• _How to complete this task_
Restrict the output to the lines below starting at the one that contains "by (simp add: column_def" and ending at the one that contains "algebra_simps)", and restate them word for word, both ends included.

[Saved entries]
========

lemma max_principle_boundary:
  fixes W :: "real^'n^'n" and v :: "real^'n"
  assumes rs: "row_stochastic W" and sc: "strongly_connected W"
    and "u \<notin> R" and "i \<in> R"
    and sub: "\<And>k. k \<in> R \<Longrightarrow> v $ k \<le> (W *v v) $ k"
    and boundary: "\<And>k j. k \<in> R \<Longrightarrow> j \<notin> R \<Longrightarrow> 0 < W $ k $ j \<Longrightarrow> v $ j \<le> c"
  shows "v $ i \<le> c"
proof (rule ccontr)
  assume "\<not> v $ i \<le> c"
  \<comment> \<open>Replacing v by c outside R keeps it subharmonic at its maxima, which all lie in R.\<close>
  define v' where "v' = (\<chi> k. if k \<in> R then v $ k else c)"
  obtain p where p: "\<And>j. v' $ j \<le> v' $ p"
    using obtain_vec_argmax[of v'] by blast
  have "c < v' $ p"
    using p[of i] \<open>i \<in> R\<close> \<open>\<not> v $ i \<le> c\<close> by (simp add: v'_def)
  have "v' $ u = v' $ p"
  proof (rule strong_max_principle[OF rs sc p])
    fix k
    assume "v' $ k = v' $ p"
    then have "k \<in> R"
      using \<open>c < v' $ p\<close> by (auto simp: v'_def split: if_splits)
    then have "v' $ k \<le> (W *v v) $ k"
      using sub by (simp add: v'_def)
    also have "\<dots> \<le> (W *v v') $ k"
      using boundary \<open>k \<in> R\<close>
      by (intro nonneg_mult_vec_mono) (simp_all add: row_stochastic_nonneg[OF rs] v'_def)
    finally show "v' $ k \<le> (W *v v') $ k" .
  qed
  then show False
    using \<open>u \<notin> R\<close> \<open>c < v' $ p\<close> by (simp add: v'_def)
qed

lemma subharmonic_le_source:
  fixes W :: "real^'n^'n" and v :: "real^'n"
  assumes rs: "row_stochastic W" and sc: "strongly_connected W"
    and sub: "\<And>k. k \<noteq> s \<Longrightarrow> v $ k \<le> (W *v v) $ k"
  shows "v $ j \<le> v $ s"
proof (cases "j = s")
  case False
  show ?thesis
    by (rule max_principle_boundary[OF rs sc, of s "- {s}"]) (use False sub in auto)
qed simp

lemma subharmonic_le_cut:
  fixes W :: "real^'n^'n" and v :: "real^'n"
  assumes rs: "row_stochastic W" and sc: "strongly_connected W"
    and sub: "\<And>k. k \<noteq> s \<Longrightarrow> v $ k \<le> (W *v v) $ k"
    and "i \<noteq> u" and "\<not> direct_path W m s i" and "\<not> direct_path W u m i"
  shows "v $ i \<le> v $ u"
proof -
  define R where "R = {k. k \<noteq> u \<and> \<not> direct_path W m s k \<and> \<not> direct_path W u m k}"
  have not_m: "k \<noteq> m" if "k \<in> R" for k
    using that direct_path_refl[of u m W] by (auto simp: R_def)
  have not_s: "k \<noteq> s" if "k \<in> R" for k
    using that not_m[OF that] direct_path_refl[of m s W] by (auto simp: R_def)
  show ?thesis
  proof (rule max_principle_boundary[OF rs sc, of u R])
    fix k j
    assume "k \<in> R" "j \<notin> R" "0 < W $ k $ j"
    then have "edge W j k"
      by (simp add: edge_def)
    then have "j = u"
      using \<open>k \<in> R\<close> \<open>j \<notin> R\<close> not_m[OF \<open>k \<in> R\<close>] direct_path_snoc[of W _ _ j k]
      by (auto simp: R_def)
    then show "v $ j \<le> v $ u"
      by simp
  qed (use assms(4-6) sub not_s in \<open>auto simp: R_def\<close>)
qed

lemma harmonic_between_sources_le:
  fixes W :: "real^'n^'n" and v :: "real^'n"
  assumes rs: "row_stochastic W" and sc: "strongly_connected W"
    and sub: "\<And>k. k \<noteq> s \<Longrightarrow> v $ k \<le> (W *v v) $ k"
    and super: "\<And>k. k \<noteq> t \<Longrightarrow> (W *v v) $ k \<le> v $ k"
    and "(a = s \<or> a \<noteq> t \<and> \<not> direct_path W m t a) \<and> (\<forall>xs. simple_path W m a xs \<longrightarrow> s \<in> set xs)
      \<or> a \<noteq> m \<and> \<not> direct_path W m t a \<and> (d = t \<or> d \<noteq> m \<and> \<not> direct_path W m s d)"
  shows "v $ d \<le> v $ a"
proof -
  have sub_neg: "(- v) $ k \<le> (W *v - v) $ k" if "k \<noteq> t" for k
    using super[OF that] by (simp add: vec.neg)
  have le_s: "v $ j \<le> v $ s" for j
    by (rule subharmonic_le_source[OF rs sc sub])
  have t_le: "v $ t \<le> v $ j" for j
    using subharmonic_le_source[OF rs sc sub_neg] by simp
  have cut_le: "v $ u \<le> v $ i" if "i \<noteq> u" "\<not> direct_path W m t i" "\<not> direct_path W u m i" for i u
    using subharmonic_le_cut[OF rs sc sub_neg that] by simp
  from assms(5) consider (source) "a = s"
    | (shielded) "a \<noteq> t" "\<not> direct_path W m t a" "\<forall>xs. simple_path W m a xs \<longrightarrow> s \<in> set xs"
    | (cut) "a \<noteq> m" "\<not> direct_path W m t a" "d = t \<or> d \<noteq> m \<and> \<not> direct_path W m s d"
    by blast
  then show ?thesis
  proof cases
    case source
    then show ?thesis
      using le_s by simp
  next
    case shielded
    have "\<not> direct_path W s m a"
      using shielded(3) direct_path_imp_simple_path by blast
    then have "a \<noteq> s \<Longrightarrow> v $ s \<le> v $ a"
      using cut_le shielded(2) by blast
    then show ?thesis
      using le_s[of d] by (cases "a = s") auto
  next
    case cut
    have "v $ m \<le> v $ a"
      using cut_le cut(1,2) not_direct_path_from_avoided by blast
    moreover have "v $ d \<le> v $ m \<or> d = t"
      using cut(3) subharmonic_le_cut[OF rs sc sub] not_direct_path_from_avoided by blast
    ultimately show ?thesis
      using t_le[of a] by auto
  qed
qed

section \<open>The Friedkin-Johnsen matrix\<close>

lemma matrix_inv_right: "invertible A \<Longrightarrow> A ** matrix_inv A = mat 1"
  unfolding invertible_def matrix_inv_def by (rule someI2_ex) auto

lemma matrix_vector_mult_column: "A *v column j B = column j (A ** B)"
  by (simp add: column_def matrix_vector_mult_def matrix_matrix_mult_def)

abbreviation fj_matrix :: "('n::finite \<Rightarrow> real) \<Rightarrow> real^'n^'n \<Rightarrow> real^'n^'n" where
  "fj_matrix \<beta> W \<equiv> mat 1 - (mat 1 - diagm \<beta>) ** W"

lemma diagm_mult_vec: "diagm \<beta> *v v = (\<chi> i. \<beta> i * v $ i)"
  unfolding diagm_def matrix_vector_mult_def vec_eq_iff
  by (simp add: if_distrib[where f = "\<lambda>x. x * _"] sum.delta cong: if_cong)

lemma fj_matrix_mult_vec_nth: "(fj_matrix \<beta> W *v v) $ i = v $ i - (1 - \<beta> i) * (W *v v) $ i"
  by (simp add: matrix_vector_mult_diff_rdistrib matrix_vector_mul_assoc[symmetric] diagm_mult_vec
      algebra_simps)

========

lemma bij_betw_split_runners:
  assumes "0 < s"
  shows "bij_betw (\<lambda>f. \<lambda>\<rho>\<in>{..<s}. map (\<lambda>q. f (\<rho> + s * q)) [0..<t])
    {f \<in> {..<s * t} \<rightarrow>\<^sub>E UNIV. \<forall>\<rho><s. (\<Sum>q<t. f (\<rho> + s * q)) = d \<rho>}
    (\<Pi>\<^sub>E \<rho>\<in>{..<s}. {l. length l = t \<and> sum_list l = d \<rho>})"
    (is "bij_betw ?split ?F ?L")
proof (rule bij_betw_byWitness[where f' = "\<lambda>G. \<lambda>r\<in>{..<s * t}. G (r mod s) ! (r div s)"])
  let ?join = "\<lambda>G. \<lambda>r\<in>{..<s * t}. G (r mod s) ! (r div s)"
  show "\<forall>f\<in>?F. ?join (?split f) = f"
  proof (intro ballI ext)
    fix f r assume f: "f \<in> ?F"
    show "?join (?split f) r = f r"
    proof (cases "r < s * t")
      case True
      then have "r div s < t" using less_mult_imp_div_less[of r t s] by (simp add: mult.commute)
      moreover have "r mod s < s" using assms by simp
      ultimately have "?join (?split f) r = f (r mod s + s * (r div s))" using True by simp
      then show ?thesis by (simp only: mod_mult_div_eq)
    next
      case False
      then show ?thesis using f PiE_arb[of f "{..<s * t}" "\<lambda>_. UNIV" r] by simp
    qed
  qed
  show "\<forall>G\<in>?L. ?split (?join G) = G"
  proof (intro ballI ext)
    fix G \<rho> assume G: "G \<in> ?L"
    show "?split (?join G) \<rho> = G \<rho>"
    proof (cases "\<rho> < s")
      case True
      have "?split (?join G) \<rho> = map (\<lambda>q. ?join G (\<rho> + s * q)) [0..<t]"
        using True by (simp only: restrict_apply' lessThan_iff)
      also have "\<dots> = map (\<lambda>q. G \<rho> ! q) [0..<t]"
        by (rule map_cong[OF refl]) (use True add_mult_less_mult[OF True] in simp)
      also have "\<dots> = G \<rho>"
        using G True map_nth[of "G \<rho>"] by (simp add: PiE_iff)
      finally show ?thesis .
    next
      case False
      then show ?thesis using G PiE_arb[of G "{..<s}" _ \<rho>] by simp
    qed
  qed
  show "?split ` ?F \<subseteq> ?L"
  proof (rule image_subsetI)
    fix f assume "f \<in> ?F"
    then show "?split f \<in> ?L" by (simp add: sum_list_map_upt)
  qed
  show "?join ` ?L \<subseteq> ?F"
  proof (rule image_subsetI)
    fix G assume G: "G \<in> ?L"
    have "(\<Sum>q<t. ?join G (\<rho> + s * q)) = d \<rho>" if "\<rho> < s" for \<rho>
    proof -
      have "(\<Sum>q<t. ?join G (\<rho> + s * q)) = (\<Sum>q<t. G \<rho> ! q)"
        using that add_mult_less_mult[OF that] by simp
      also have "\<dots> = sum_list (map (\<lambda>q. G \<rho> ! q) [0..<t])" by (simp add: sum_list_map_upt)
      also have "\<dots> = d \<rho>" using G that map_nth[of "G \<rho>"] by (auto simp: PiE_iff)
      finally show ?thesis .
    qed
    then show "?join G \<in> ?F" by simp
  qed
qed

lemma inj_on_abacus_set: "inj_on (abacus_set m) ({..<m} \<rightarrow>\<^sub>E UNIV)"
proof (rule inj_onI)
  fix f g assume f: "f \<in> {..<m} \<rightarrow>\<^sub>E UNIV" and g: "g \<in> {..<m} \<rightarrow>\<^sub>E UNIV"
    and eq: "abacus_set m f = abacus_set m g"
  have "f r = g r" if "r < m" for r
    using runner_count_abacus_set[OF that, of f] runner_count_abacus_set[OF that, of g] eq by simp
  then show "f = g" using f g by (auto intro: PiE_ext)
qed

========

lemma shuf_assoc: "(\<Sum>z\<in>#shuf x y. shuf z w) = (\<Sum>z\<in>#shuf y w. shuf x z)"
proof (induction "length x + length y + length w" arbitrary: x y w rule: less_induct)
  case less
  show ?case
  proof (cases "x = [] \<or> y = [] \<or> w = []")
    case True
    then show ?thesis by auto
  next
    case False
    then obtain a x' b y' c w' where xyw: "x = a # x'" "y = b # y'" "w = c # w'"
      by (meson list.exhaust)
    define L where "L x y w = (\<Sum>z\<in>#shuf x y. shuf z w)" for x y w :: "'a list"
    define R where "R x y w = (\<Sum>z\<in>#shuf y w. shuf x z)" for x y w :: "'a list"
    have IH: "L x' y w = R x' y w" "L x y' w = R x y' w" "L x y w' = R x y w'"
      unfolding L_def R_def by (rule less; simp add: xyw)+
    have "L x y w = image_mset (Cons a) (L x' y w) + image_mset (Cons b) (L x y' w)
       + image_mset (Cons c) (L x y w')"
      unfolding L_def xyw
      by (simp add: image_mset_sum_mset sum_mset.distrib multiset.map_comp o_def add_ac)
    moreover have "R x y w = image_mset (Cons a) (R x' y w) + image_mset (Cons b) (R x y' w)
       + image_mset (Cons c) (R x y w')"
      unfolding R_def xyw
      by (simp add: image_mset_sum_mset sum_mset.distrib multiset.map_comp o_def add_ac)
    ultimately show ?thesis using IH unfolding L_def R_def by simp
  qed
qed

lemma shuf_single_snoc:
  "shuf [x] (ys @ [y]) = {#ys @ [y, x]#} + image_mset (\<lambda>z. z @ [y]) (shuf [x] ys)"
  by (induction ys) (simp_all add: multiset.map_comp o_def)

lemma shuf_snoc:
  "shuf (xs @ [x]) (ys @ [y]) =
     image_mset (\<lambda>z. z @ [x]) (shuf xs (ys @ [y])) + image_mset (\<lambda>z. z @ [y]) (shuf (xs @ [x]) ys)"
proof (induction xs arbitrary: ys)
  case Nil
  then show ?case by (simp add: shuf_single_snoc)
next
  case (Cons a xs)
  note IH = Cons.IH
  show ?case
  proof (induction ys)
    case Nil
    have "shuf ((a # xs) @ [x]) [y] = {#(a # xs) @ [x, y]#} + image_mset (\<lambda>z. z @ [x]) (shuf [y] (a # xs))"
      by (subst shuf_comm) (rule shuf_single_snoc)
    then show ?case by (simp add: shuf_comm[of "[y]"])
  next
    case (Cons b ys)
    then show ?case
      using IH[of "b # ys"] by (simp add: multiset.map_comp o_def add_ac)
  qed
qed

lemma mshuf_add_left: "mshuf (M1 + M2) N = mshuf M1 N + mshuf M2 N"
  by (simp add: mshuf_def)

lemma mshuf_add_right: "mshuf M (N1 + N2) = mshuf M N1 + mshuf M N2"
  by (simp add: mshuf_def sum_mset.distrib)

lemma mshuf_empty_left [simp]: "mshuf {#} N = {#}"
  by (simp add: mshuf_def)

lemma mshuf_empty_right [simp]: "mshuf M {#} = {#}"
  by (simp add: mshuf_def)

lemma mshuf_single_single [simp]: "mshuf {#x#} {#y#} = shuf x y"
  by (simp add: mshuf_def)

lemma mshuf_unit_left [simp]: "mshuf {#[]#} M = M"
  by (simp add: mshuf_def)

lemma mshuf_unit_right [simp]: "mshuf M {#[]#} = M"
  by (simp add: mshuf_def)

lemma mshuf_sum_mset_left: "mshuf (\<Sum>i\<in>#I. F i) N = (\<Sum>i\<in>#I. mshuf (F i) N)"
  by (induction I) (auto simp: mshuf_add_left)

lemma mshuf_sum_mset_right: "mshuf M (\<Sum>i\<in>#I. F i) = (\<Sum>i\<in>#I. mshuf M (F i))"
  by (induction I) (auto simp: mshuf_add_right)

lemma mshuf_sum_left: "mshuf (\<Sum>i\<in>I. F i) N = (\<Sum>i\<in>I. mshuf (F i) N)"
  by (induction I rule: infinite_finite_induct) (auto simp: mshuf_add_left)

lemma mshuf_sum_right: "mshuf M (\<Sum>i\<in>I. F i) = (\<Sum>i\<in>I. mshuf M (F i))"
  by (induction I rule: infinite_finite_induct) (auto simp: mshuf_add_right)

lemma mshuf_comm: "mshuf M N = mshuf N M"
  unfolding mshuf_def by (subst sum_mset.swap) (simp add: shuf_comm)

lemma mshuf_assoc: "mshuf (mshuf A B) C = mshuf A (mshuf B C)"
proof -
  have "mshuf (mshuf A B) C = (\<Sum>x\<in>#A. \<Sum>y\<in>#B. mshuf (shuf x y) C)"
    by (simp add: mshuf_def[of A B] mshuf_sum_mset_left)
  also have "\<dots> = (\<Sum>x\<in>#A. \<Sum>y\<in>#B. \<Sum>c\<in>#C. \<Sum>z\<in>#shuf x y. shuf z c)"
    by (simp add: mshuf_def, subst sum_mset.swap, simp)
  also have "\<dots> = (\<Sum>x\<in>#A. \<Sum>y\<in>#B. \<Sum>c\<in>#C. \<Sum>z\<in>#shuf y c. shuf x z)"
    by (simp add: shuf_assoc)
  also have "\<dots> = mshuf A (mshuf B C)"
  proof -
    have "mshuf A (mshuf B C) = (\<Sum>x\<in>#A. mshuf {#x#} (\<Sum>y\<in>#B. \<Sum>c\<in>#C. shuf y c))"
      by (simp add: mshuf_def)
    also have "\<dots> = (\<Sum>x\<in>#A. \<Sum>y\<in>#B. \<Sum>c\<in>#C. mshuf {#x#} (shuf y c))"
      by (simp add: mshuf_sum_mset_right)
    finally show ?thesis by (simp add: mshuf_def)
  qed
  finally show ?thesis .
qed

========

• _Result for this task_
  by (simp add: column_def matrix_vector_mult_def matrix_matrix_mult_def)

abbreviation fj_matrix :: "('n::finite \<Rightarrow> real) \<Rightarrow> real^'n^'n \<Rightarrow> real^'n^'n" where
  "fj_matrix \<beta> W \<equiv> mat 1 - (mat 1 - diagm \<beta>) ** W"

lemma diagm_mult_vec: "diagm \<beta> *v v = (\<chi> i. \<beta> i * v $ i)"
  unfolding diagm_def matrix_vector_mult_def vec_eq_iff
  by (simp add: if_distrib[where f = "\<lambda>x. x * _"] sum.delta cong: if_cong)

lemma fj_matrix_mult_vec_nth: "(fj_matrix \<beta> W *v v) $ i = v $ i - (1 - \<beta> i) * (W *v v) $ i"
  by (simp add: matrix_vector_mult_diff_rdistrib matrix_vector_mul_assoc[symmetric] diagm_mult_vec
      algebra_simps)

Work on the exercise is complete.